lemma fractional_exchange_aggregate: "fractional_exchange E (\<Union>i\<in>{1..n}. Vs i) \<Delta> aggregate"
  unfolding fractional_exchange_def
proof (intro conjI ballI)
  fix c assume c: "c \<in> cycles E \<Delta>"
  show "0 \<le> aggregate c" by (rule aggregate_nonneg)
  obtain v where v: "v \<in> verts c" using verts_cycle_nonempty[OF c] by blast
  then obtain w where "(v, w) \<in> E" using cycle_subset_arcs[OF c] unfolding verts_def by force
  then obtain i where i: "i \<in> {1..n}" "v \<in> Vs i" using arcs by blast
  have "aggregate c \<le> (\<Sum>c\<in>{c\<in>cycles E \<Delta>. v \<in> verts c}. aggregate c)"
    using c v finite_cycles[OF finite_E] aggregate_nonneg by (intro member_le_sum) auto
  also have "\<dots> \<le> 1" using aggregate_through_vertex_le_1[OF i(2,1)] .
  finally show "aggregate c \<le> 1" .
next
  fix v assume "v \<in> (\<Union>i\<in>{1..n}. Vs i)"
  then show "(\<Sum>c\<in>{c\<in>cycles E \<Delta>. v \<in> verts c}. aggregate c) \<le> 1"
    using aggregate_through_vertex_le_1 by blast
qed

lemma sum_gamma_aggregate:
  "(\<Sum>c\<in>cycles E \<Delta>. real (gamma U c) * aggregate c) = (\<Sum>d\<in>D. \<mu> d * real (util U (X d)))"
proof -
  have "(\<Sum>c\<in>cycles E \<Delta>. real (gamma U c) * aggregate c)
      = (\<Sum>c\<in>cycles E \<Delta>. \<Sum>d\<in>{d\<in>D. c \<in> X d}. real (gamma U c) * \<mu> d)"
    by (simp add: aggregate_def sum_distrib_left)
  also have "\<dots> = (\<Sum>d\<in>D. \<Sum>c\<in>{c\<in>cycles E \<Delta>. c \<in> X d}. real (gamma U c) * \<mu> d)"
    using finite_D finite_cycles[OF finite_E] by (intro sum.swap_restrict) auto
  also have "\<dots> = (\<Sum>d\<in>D. \<mu> d * real (util U (X d)))"
  proof (rule sum.cong[OF refl])
    fix d assume d: "d \<in> D"
    have "{c\<in>cycles E \<Delta>. c \<in> X d} = X d" using exchange_subset_cycles_E[OF d] by blast
    then show "(\<Sum>c\<in>{c\<in>cycles E \<Delta>. c \<in> X d}. real (gamma U c) * \<mu> d) = \<mu> d * real (util U (X d))"
      by (simp add: util_eq_sum_gamma[OF finite_E exchange[OF d]] sum_distrib_left mult.commute)
  qed
  finally show ?thesis .
qed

## TASK PROMPT
Please state the number of lines above that hold the string "obtain", with nothing else added.

## ANSWER BELOW
3